Obfuscation vs the Optimizer: An LLVM Middle-End Arms Race

Posted Thu 16 April 2026
Author Robert Yates
Category Program Analysis
Tags 2026, Clang, LLVM, obfuscation, software-protection, compilers, reverse-engineering

How one Commit Broke Obfuscation: A blog post exploring the role of compilers and optimizations in the field of obfuscation and de-obfuscation.

Introduction

Obfuscation is security through obscurity; its purpose is to transform a piece of code into a much more complex representation, whilst preserving the original semantics of the code. A compiler's job is to transform source code into binary code and produce the simplest and most optimized representation it can for a given architecture. These are contrary goals, yet this contradiction is where obfuscators find their greatest leverage.

In this blog post, we will explore the relationship between compilers, obfuscation, and de-obfuscation. We will first learn about LLVM, but I will frame the information so it's a little deeper and more relevant to this topic. Finally, we will walk through an example of obfuscation and watch the tug-of-war between our code and the optimization passes and see how a single commit in LLVM breaks our obfuscation. Hopefully, by the end, we will have a better understanding of how this tug-of-war is, in fact, more of a yin-yang.

Meet the mystery function

The star of the blog will be the following function. We will watch how the compiler removes the obfuscation, and we will try to fight back.

#include <stdint.h>

uint8_t mystery(void) {
    return (uint8_t)(
        ((((40u ^ 0xFFu) | 0x9Bu) & 65u) +
         (((0u - (40u & 110u)) - 1u) | 81u) +
         (40u & 110u) - 65u) ^
        0xFFu
    );
}

Before we watch LLVM tear this down, here’s the minimal background you need.

A quick LLVM primer

LLVM is a framework for building compilers. A collection of reusable components helps the author build up their compiler stages.

A compiler is often described in 3 stages: Front-End / Middle-End / Back-End. The so-called middle-end is the stage of compilation where transformations and analyses take place to support optimizations.

Before that, it is the front-end's responsibility to parse the natural source code language into an abstract syntax tree AST. It is then lowered into an intermediate representation IR. In the reverse engineering world, it is sometimes referred to as an intermediate language, but both IL and IR are used.

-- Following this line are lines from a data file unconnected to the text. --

lemma dual_op_eqI:
  assumes "\<psi> \<in> Gamma_c_dual X F" "\<And>f. f \<in> Gamma_sec X F \<Longrightarrow> pairing X \<psi> f = pairing X \<phi> (A f)"
  shows "dual_op X F A \<phi> = \<psi>"
  unfolding dual_op_def
proof (rule the_equality)
  fix \<psi>' assume "\<psi>' \<in> Gamma_c_dual X F \<and> (\<forall>f\<in>Gamma_sec X F. pairing X \<psi>' f = pairing X \<phi> (A f))"
  then show "\<psi>' = \<psi>" using pairing_nondegenerate[of \<psi>' \<psi>] assms by simp
qed (use assms in blast)

definition transpose :: "('x \<Rightarrow> (nat \<Rightarrow> complex) \<Rightarrow> complex) \<Rightarrow> 'x \<Rightarrow> (nat \<Rightarrow> complex) \<Rightarrow> complex" where
  "transpose \<phi> x v = (if x \<in> X \<and> v \<in> F x then pairing X \<phi> (A0 (single x v)) else 0)"

lemma transpose_vanishes:
  assumes "\<phi> \<in> Gamma_c_dual X F" "x \<notin> (\<Union>z\<in>dual_supp \<phi>. dep_set z)"
  shows "transpose \<phi> x = (\<lambda>_. 0)"
proof
  fix v
  show "transpose \<phi> x v = 0"
  proof (cases "x \<in> X \<and> v \<in> F x")
    case True
    have "A0 (single x v) z = A0 0 z" if "z \<in> X" "\<phi> z \<noteq> (\<lambda>_. 0)" for z
    proof (rule A0_local[OF that(1)])
      show "single x v \<in> Gamma0" using True by (simp add: single_in_Gamma0)
      show "0 \<in> Gamma0" by (rule sec_vs.subspace_0[OF Gamma0_subspace])
      show "single x v w = 0 w" if "w \<in> dep_set z" for w
        using that \<open>z \<in> X\<close> \<open>\<phi> z \<noteq> (\<lambda>_. 0)\<close> assms(2) by (auto simp: single_def)
    qed
    then have "pairing X \<phi> (A0 (single x v)) = pairing X \<phi> 0"
      unfolding A0_zero by (rule pairing_cong)
    with True show ?thesis by (simp add: transpose_def pairing_zero assms(1))
  qed (auto simp: transpose_def)
qed

lemma transpose_in_Gamma_c_dual:
  assumes "\<phi> \<in> Gamma_c_dual X F"
  shows "transpose \<phi> \<in> Gamma_c_dual X F"
  unfolding Gamma_c_dual_def
proof (intro CollectI conjI allI impI ballI)
  let ?K = "\<Union>z\<in>dual_supp \<phi>. dep_set z"
  have "finite ?K"
    using dual_supp_finite[OF assms] dep_set(1) by auto
  moreover have "{x. transpose \<phi> x \<noteq> (\<lambda>_. 0)} \<subseteq> ?K"
    using transpose_vanishes[OF assms] by blast
  ultimately show "finite {x. transpose \<phi> x \<noteq> (\<lambda>_. 0)}" by (rule finite_subset[rotated])
  show "transpose \<phi> x = (\<lambda>_. 0)" if "x \<notin> X" for x
    using that by (auto simp: transpose_def)
  fix x assume x: "x \<in> X"
  show "lin_functional (F x) (transpose \<phi> x)"
    unfolding lin_functional_def vadd_eq_plus cscale_eq_vscale
  proof (intro conjI ballI allI impI)
    fix u v assume uv: "u \<in> F x" "v \<in> F x"
    then have "u + v \<in> F x" using fun_vs.subspace_add[OF F_subspace[OF x]] by blast
    with x uv show "transpose \<phi> x (u + v) = transpose \<phi> x u + transpose \<phi> x v"
      by (simp add: transpose_def single_add A0_add single_in_Gamma0 A0_in_Gamma0 pairing_add[OF assms])
  next
    fix c v assume v: "v \<in> F x"
    then have "vscale c v \<in> F x" using fun_vs.subspace_scale[OF F_subspace[OF x]] by blast
    with x v show "transpose \<phi> x (vscale c v) = c * transpose \<phi> x v"
      by (simp add: transpose_def single_vscale A0_sscale single_in_Gamma0 A0_in_Gamma0
          pairing_sscale[OF assms])
  qed (simp add: transpose_def)
qed
(* Let $\mathbf{b}=(b_n)_{n\in\mathbb{N}_0}$ be a $D$-sequence with $\frac{b_{n+1}}{b_n}\to\infty$, and let $\iota:(\mathbb{Z},\tau_{\mathbf{b}})\to c_0(\mathbb{T})$, $k\mapsto(\frac{k}{b_n}+\mathbb{Z})_{n\in\mathbb{N}}$. Then $\iota(\mathbb{Z})$ is dually embedded in $c_0(\mathbb{T})$: every continuous character of $(\mathbb{Z},\tau_{\mathbf{b}})$ is of the form $\psi\circ\iota$ for some continuous character $\psi$ of $c_0(\mathbb{T})$.
   Context: $\mathbb{T}=\mathbb{R}/\mathbb{Z}$; $\mathbb{T}_m=[-\frac{1}{4m},\frac{1}{4m}]+\mathbb{Z}$. $c_0(\mathbb{T})$ is the group of sequences $(x_n)_{n\in\mathbb{N}}$ in $\mathbb{T}$ converging to $0$, with the topology of uniform convergence. A $D$-sequence is a sequence $\mathbf{b}=(b_n)_{n\in\mathbb{N}_0}$ of natural numbers with $b_0=1$, $b_n\mid b_{n+1}$, $b_n\neq b_{n+1}$. $\tau_{\mathbf{b}}$ is the group topology on $\mathbb{Z}$ with neighborhood basis at $0$ given by $V_{\mathbf{b},m}=\{k\in\mathbb{Z}: \frac{k}{b_n}+\mathbb{Z}\in\mathbb{T}_m \text{ for all } n\in\mathbb{N}\}$, $m\in\mathbb{N}$. *)

theory Defs
  imports "HOL-Analysis.Analysis"
begin

text \<open>The circle group T = R/Z is represented by real representatives; tnorm x is the
  distance of x to the nearest integer, i.e. the norm of x + Z in T.\<close>
definition tnorm :: "real \<Rightarrow> real" where
  "tnorm x = \<bar>x - real_of_int (round x)\<bar>"

definition inTm :: "nat \<Rightarrow> real \<Rightarrow> bool" where
  "inTm m x \<longleftrightarrow> tnorm x \<le> 1 / (4 * real m)"

definition D_sequence :: "(nat \<Rightarrow> nat) \<Rightarrow> bool" where
  "D_sequence b \<longleftrightarrow> (\<forall>n. b n > 0) \<and> b 0 = 1 \<and>
     (\<forall>n. b n dvd b (Suc n) \<and> b n \<noteq> b (Suc n))"

text \<open>Neighbourhood basis V_{b,m} of 0 of tau_b (n ranges over N = {1,2,...}).\<close>
definition Vb :: "(nat \<Rightarrow> nat) \<Rightarrow> nat \<Rightarrow> int set" where
  "Vb b m = {k. \<forall>n\<ge>1. inTm m (real_of_int k / real (b n))}"

text \<open>Continuous characters of (Z, tau_b), with values in the unit circle
  (identified with T via t + Z |-> exp(2 pi i t)).  Continuity at every point k0,
  using the neighbourhood basis k0 + V_{b,m}.\<close>
definition cont_char_Zb :: "(nat \<Rightarrow> nat) \<Rightarrow> (int \<Rightarrow> complex) \<Rightarrow> bool" where
  "cont_char_Zb b chi \<longleftrightarrow>
     (\<forall>k. cmod (chi k) = 1) \<and> (\<forall>k l. chi (k + l) = chi k * chi l) \<and>
     (\<forall>k0. \<forall>\<epsilon>>0. \<exists>m\<ge>1. \<forall>k\<in>Vb b m. cmod (chi (k0 + k) - chi k0) < \<epsilon>)"

text \<open>c_0(T), indexed by N = {1,2,...} via the shift n |-> Suc n: real sequences whose
  classes mod Z converge to 0.\<close>
definition c0T :: "(nat \<Rightarrow> real) set" where
  "c0T = {x. (\<lambda>n. tnorm (x n)) \<longlonglongrightarrow> 0}"

text \<open>Continuous characters of c_0(T) (topology of uniform convergence), given on
  representatives: homomorphisms into the unit circle that are trivial on integer-valued
  sequences (so well defined on c_0(T)) and continuous for the uniform metric.\<close>
definition cont_char_c0T :: "((nat \<Rightarrow> real) \<Rightarrow> complex) \<Rightarrow> bool" where
  "cont_char_c0T \<psi> \<longleftrightarrow>
     (\<forall>x\<in>c0T. cmod (\<psi> x) = 1) \<and>
     (\<forall>x\<in>c0T. \<forall>y\<in>c0T. \<psi> (\<lambda>n. x n + y n) = \<psi> x * \<psi> y) \<and>
     (\<forall>x\<in>c0T. (\<forall>n. x n \<in> \<int>) \<longrightarrow> \<psi> x = 1) \<and>
     (\<forall>x0\<in>c0T. \<forall>\<epsilon>>0. \<exists>\<delta>>0. \<forall>y\<in>c0T.
        (\<forall>n. tnorm (y n - x0 n) < \<delta>) \<longrightarrow> cmod (\<psi> y - \<psi> x0) < \<epsilon>)"

text \<open>iota k = (k / b_n + Z)_{n in N}, with coordinate n in N stored at index n - 1.\<close>
definition iota :: "(nat \<Rightarrow> nat) \<Rightarrow> int \<Rightarrow> nat \<Rightarrow> real" where
  "iota b k = (\<lambda>n. real_of_int k / real (b (Suc n)))"

end

theory Submission imports Defs begin

(* A continuous character chi of (Z, tau_b) is k |-> e(k alpha) with e(t) = exp(2 pi i t).
   Continuity at 0 gives m such that ||k alpha|| < 1/4 for all k in V_{b,m}.  The heart of
   the proof (some_bN_alpha_integer) shows that then b_N alpha is an integer for some N:
   otherwise write delta_N for the signed distance of b_N alpha to the nearest integer.
   Integers k = sum_N j_N b_N with small coefficients j_N lie in V_{b,m}, and
   k alpha = sum_N j_N delta_N mod Z, so no such sum may lie in [1/4, 3/4].  Using one term
   shows delta_N -> 0; as delta_{N+1} = (b_{N+1}/b_N) delta_N while this product stays
   below 1/2, the product is >= 1/2 infinitely often; summing 8m suitable multiples of
   such delta_N lands in [1/4, 1/2], a contradiction.  With b_{N+1} alpha = p an integer,
   chi = psi o iota for the continuous character psi(x) = e(p x_N) of c_0(T), which only
   reads the coordinate with index N. *)

section \<open>The circle group\<close>

lemma tnorm_le_dist_int: "tnorm x \<le> \<bar>x - real_of_int n\<bar>"
  unfolding tnorm_def by (rule round_diff_minimal)
definition ad_twisted :: "('g \<Rightarrow> 'g \<Rightarrow> 'g \<Rightarrow> 'g) \<Rightarrow> ('g \<Rightarrow> 'g) \<Rightarrow> 'g \<Rightarrow> 'g \<Rightarrow> 'g \<Rightarrow> 'g" where
  "ad_twisted br \<alpha> a b = (\<lambda>x. br a b (inv \<alpha> x))"

definition D_twisted ::
  "('g \<Rightarrow> 'g \<Rightarrow> 'h \<Rightarrow> 'h::ab_group_add) \<Rightarrow> ('h \<Rightarrow> 'h) \<Rightarrow> 'g \<Rightarrow> 'g \<Rightarrow> 'h \<Rightarrow> 'h" where
  "D_twisted \<theta> \<alpha>h a b = (\<lambda>v. Dop \<theta> a b (inv \<alpha>h v))"

lemma inv_preserves_bracket:
  assumes "bij \<alpha>" and hom: "\<And>x y z. \<alpha> (br x y z) = br (\<alpha> x) (\<alpha> y) (\<alpha> z)"
  shows "inv \<alpha> (br x y z) = br (inv \<alpha> x) (inv \<alpha> y) (inv \<alpha> z)"
  by (rule inv_f_eq[OF bij_is_inj[OF \<open>bij \<alpha>\<close>]])
    (simp add: hom surj_f_inv_f[OF bij_is_surj[OF \<open>bij \<alpha>\<close>]])

lemma ternary_derivation_ad_twisted:
  assumes g: "hom_LTS s br \<alpha>" and "bij \<alpha>" and fixed: "\<alpha> a = a" "\<alpha> b = b"
  shows "ternary_derivation br (ad_twisted br \<alpha> a b)"
proof -
  have hom: "\<And>x y z. \<alpha> (br x y z) = br (\<alpha> x) (\<alpha> y) (\<alpha> z)"
    and der: "\<And>a b x y z. br (\<alpha> a) (\<alpha> b) (br x y z) =
         br (br a b x) (\<alpha> y) (\<alpha> z) + br (\<alpha> x) (br a b y) (\<alpha> z) + br (\<alpha> x) (\<alpha> y) (br a b z)"
    using g unfolding hom_LTS_def by blast+
  have \<alpha>_inv: "\<alpha> (inv \<alpha> x) = x" for x
    using \<open>bij \<alpha>\<close> by (simp add: bij_is_surj surj_f_inv_f)
  show ?thesis
    unfolding ternary_derivation_def ad_twisted_def
      inv_preserves_bracket[of \<alpha> br, OF \<open>bij \<alpha>\<close> hom]
    using der[of a b] by (simp add: fixed \<alpha>_inv)
qed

The IR is an important state because its aim is to represent the semantics of the source language in a way that enables code to reason about its behaviour and perform optimizations. IR is target independent and therefore, in theory, generic and simple.

The IR is eventually passed to the back end; it's here that further lowering occurs into more target-selected architectures, and eventual instructions are selected to generate binary code, such as X86. The beauty in this architecture is that you can have many input languages and many output architectures. Still, the middle-end works to optimize the same IR using a large collection of complex analysis and transformation passes that don't break the semantics of the code, helping the back-end produce fast and/or small code.

Try it yourself

In this blog, we will be working with IR snippets, and knowing how to generate and work with these files would be useful.

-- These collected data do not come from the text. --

text \<open>
  Call H admissible if the projections c, d of a, b to H satisfy cd = 1, both have rank at
  least 2, and dc = 1 forces a = c and b = d; H = G is admissible. Take an admissible H of
  minimal rank c + rank d. For K = \<langle>supp c\<rangle> the projection to K commutes with left
  multiplication by c, so c \<cdot> E(d) = E(cd) = 1 with E = E^H_K. An inverse of an element of
  rank \<le> 1 has rank \<le> 1, because multiplying by a monomial only translates supports; hence
  E(d) has rank \<ge> 2, and if E(d) c = 1 then E(d) = d by uniqueness of inverses. So K is
  admissible, and minimality forces supp d \<subseteq> K. Symmetrically supp c \<subseteq> \<langle>supp d\<rangle>, so
  both supports generate the same subgroup, on which a and b still project to c and d.
\<close>

lemma gr_supp_gr_proj: "gr_supp (gr_proj H a) = gr_supp a \<inter> H"
  unfolding gr_supp_def gr_proj_def by auto

lemma gr_proj_gr_proj: "H' \<subseteq> H \<Longrightarrow> gr_proj H' (gr_proj H a) = gr_proj H' a"
  unfolding gr_proj_def by (rule ext) auto

lemma gr_proj_id: "gr_supp a \<subseteq> H \<Longrightarrow> gr_proj H a = a"
  unfolding gr_proj_def gr_supp_def by (rule ext) auto

lemma gr_proj_in_group_ring: "a \<in> group_ring G \<Longrightarrow> gr_proj H a \<in> group_ring G"
  unfolding group_ring_def by (auto simp: gr_supp_gr_proj)

lemma group_ring_finite_supp: "a \<in> group_ring G \<Longrightarrow> finite (gr_supp a)"
  and group_ring_supp_subset: "a \<in> group_ring G \<Longrightarrow> gr_supp a \<subseteq> carrier G"
  unfolding group_ring_def by auto

lemma group_ring_supp_in_carrier: "a \<in> group_ring G \<Longrightarrow> y \<in> gr_supp a \<Longrightarrow> y \<in> carrier G"
  unfolding group_ring_def by auto

lemma group_ring_outside_carrier: "a \<in> group_ring G \<Longrightarrow> x \<notin> carrier G \<Longrightarrow> a x = 0"
  unfolding group_ring_def gr_supp_def by auto

lemma supp_subset_of_gr_rank_le_gr_proj:
  assumes "a \<in> group_ring G" "gr_rank a \<le> gr_rank (gr_proj K a)"
  shows "gr_supp a \<subseteq> K"
proof -
  have "gr_supp a \<inter> K = gr_supp a"
    using assms group_ring_finite_supp[OF assms(1)] unfolding gr_rank_def gr_supp_gr_proj
    by (intro card_seteq) auto
  then show ?thesis by blast
qed

lemma gr_supp_gr_one: "gr_supp (gr_one G :: 'g \<Rightarrow> 'k::zero_neq_one) = {\<one>\<^bsub>G\<^esub>}"
  unfolding gr_supp_def gr_one_def by auto

lemma gr_rank_gr_one: "gr_rank (gr_one G :: 'g \<Rightarrow> 'k::zero_neq_one) = 1"
  unfolding gr_rank_def gr_supp_gr_one by simp

lemma gr_proj_gr_one: "\<one>\<^bsub>G\<^esub> \<in> H \<Longrightarrow> gr_proj H (gr_one G) = gr_one G"
  unfolding gr_proj_def gr_one_def by auto

lemma gr_mult_outside_carrier: "x \<notin> carrier G \<Longrightarrow> gr_mult G a b x = 0"
  unfolding gr_mult_def by simp

context group
begin

lemma inv_mult_mem_subgroup_iff:
  assumes "subgroup H G" "y \<in> H" "x \<in> carrier G"
  shows "inv y \<otimes> x \<in> H \<longleftrightarrow> x \<in> H"
  by (metis assms subgroup.m_closed subgroup.m_inv_closed
      subgroup.mem_carrier inv_solve_left)

lemma mult_mem_subgroup_iff:
  assumes "subgroup H G" "z \<in> H" "y \<in> carrier G"
  shows "y \<otimes> z \<in> H \<longleftrightarrow> y \<in> H"
  by (metis assms subgroup.m_closed subgroup.m_inv_closed subgroup.mem_carrier
      inv_solve_right m_closed)

lemma gr_mult_eq_sum:
  assumes "finite A" "gr_supp a \<subseteq> A" "x \<in> carrier G"
  shows "gr_mult G a b x = (\<Sum>y\<in>A. a y * b (inv y \<otimes> x))"
  unfolding gr_mult_def using assms
  by (auto intro!: sum.mono_neutral_left simp: gr_supp_def)

lemma gr_proj_gr_mult_left:
  assumes "subgroup H G" "gr_supp c \<subseteq> H"
  shows "gr_proj H (gr_mult G c b) = gr_mult G c (gr_proj H b)"
proof
  fix x
  have "c y * (if x \<in> H then b (inv y \<otimes> x) else 0)
      = c y * gr_proj H b (inv y \<otimes> x)" if "y \<in> gr_supp c" "x \<in> carrier G" for y
    using that assms inv_mult_mem_subgroup_iff by (auto simp: gr_proj_def)
  then show "gr_proj H (gr_mult G c b) x = gr_mult G c (gr_proj H b) x"
    by (auto simp: gr_proj_def gr_mult_def if_distrib[of "\<lambda>t. _ * t"] sum.neutral
        intro!: sum.cong)
qed

lemma gr_proj_gr_mult_right:
  assumes "subgroup H G" "a \<in> group_ring G" "gr_supp d \<subseteq> H"
  shows "gr_proj H (gr_mult G a d) = gr_mult G (gr_proj H a) d"
proof
  fix x
  show "gr_proj H (gr_mult G a d) x = gr_mult G (gr_proj H a) d x"
  proof (cases "x \<in> carrier G")
    case x: True
    have fin: "finite (gr_supp a)" "gr_supp (gr_proj H a) \<subseteq> gr_supp a"
      using assms(2) group_ring_finite_supp by (auto simp: gr_supp_gr_proj)
    have "(if x \<in> H then a y else 0) * d (inv y \<otimes> x) = gr_proj H a y * d (inv y \<otimes> x)"
      if "y \<in> gr_supp a" for y
    proof (cases "inv y \<otimes> x \<in> H")
      case True
      have "y \<in> carrier G" using group_ring_supp_in_carrier[OF assms(2) that] .
      with x have "y \<otimes> (inv y \<otimes> x) = x" by (simp add: m_assoc[symmetric])
      with \<open>y \<in> carrier G\<close> have "x \<in> H \<longleftrightarrow> y \<in> H"
        using mult_mem_subgroup_iff[OF assms(1) True] by metis
      then show ?thesis by (simp add: gr_proj_def)
    next
      case False
      then have "d (inv y \<otimes> x) = 0" using assms(3) by (auto simp: gr_supp_def)
      then show ?thesis by simp
    qed
    note termwise = this
    have "gr_proj H (gr_mult G a d) x
        = (\<Sum>y\<in>gr_supp a. (if x \<in> H then a y else 0) * d (inv y \<otimes> x))"
      using x fin by (cases "x \<in> H") (simp_all add: gr_proj_def gr_mult_eq_sum)
    also have "\<dots> = (\<Sum>y\<in>gr_supp a. gr_proj H a y * d (inv y \<otimes> x))"
      using termwise by (rule sum.cong[OF refl])
    also have "\<dots> = gr_mult G (gr_proj H a) d x"
      using x fin by (simp add: gr_mult_eq_sum)
    finally show ?thesis .
  qed (simp add: gr_proj_def gr_mult_outside_carrier)
qed

lemma gr_mult_one_left:
  assumes "d \<in> group_ring G"
  shows "gr_mult G (gr_one G) d = (d :: 'a \<Rightarrow> 'k::semiring_1)"
proof
  fix x show "gr_mult G (gr_one G) d x = d x"
    using assms unfolding gr_mult_def gr_supp_gr_one
    by (simp add: gr_one_def group_ring_outside_carrier)
qed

We can generate IR from C or C++ code using clang:

clang hello.c -S -emit-llvm -o hello.ll

or, to disable all optimizations:

clang -O0 -Xclang -disable-O0-optnone hello.c -S -emit-llvm -o hello.ll

To run optimization pipelines or specific passes:

opt hello.ll -O2 -S
opt hello.ll -passes=sroa,mem2reg -S

-O0 -O1 -O2 -O3 are optimization levels, and these options trigger a ready-to-use arrangement of passes in a pipeline.

To generate object files:

llc -filetype=obj hello.ll -o hello.o

You can also use these tools with Compiler Explorer

Why the middle-end matters for both sides

LLVM’s middle-end is the product of decades of compiler research made concrete: Theory turned into analyses, algorithms into passes, and ideas refined through real implementation work. That makes it a rich source of knowledge for both reverse engineers and obfuscator authors. If we can produce code that remains difficult for these passes to simplify or reason about, that suggests the obfuscation is doing its job. On the other hand, if we can bring similar algorithms to RE tooling, then we have the beginnings of a capable de-obfuscator. The same machinery can help either hide intent or recover it.

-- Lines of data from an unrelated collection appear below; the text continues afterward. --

lemma real_cond_exp_eigen_event:
  assumes n: "n \<in> {1..D}"
  shows "AE \<omega> in M. real_cond_exp M (gen_filtration M \<xi> t) (indicator (eigen_event n)) \<omega> = posterior n (\<xi> t \<omega>)"
proof -
  interpret sigma_finite_subalgebra M "gen_filtration M \<xi> t"
    using subalgebra_gen_filtration
    by (intro finite_measure_subalgebra_is_sigma_finite)
       (simp add: finite_measure_subalgebra_def finite_measure_subalgebra_axioms_def finite_measure_axioms)
  have post_F: "(\<lambda>\<omega>. posterior n (\<xi> t \<omega>)) \<in> borel_measurable (gen_filtration M \<xi> t)"
    by measurable
  have [measurable]: "(\<lambda>\<omega>. posterior n (\<xi> t \<omega>)) \<in> borel_measurable M"
    using measurable_from_subalg[OF subalgebra_gen_filtration post_F] .
  have int_indicator: "integrable M (indicator (eigen_event n) :: 'a \<Rightarrow> real)"
    by (rule integrable_const_bound[where B=1]) (auto simp: indicator_def)
  have int_posterior: "integrable M (\<lambda>\<omega>. posterior n (\<xi> t \<omega>))"
    using posterior_nonneg[OF n] posterior_le_1[OF n]
    by (intro integrable_const_bound[where B=1]) auto
  show ?thesis
  proof (rule real_cond_exp_charact[OF _ int_indicator int_posterior post_F])
    fix A assume A: "A \<in> sets (gen_filtration M \<xi> t)"
    then have [measurable]: "A \<in> sets M"
      using subalgebra_gen_filtration by (auto simp: subalgebra_def)
    show "(\<integral>x\<in>A. indicator (eigen_event n) x \<partial>M) = (\<integral>x\<in>A. posterior n (\<xi> t x) \<partial>M)"
      using nn_integral_eigen_event_eq_posterior_on_gen_filtration[OF n A] posterior_nonneg[OF n]
      by (simp add: set_integral_nonneg_eq_nn_integral ennreal_indicator)
  qed
qed

end

section \<open>The conditional state\<close>

lemma exp_quadratic_mult_cnj:
  fixes s hbar \<sigma> x e f :: real
  shows "exp (- \<i> * complex_of_real (s / hbar) * e + complex_of_real (\<sigma> * x / 2) * e
              - complex_of_real (\<sigma>\<^sup>2 * s / 4) * e ^ 2) *
         cnj (exp (- \<i> * complex_of_real (s / hbar) * f + complex_of_real (\<sigma> * x / 2) * f
              - complex_of_real (\<sigma>\<^sup>2 * s / 4) * f ^ 2)) =
         exp (- \<i> * complex_of_real ((e - f) * s / hbar)) *
         complex_of_real (exp (\<sigma> * (e + f) * x / 2 - \<sigma>\<^sup>2 * (e\<^sup>2 + f\<^sup>2) * s / 4))"
proof -
  define g where "g y = - \<i> * complex_of_real (s / hbar) * y + complex_of_real (\<sigma> * x / 2) * y
                       - complex_of_real (\<sigma>\<^sup>2 * s / 4) * y ^ 2" for y :: real
  have "g e + cnj (g f) = - \<i> * complex_of_real ((e - f) * s / hbar) +
          complex_of_real (\<sigma> * (e + f) * x / 2 - \<sigma>\<^sup>2 * (e\<^sup>2 + f\<^sup>2) * s / 4)"
    by (cases "hbar = 0") (simp_all add: g_def complex_eq_iff power2_eq_square field_simps)
  moreover have "exp (g e) * cnj (exp (g f)) = exp (g e + cnj (g f))"
    by (simp add: exp_add exp_cnj)
  ultimately have "exp (g e) * cnj (exp (g f)) = exp (- \<i> * complex_of_real ((e - f) * s / hbar)) *
         complex_of_real (exp (\<sigma> * (e + f) * x / 2 - \<sigma>\<^sup>2 * (e\<^sup>2 + f\<^sup>2) * s / 4))"
    by (simp only: exp_add exp_of_real)
  then show ?thesis
    by (simp only: g_def)
qed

As you saw earlier, we can run passes on the LLVM IR from the command line. LLVM has several passes, although that's a bit of an understatement. The LLVM pass list is split into analysis, transformation, and utility passes. They aim to eliminate unnecessary computation through methods such as dead code elimination, redundancy removal, control-flow simplification, memory optimizations, and much more.

On the flip side we could also write our own passes to introduce the exact opposite.

The optimizer's toolkit

In the context of reverse engineering, obfuscation, and de-obfuscation, I would categorise them by their effect on simplification. These categories help understand how compiler optimizations reduce code complexity, the same mechanisms that make optimization/de-obfuscation possible. Here is an extremely brief look at a few passes and my own groupings. (Inter-procedural analysis is purposely left out)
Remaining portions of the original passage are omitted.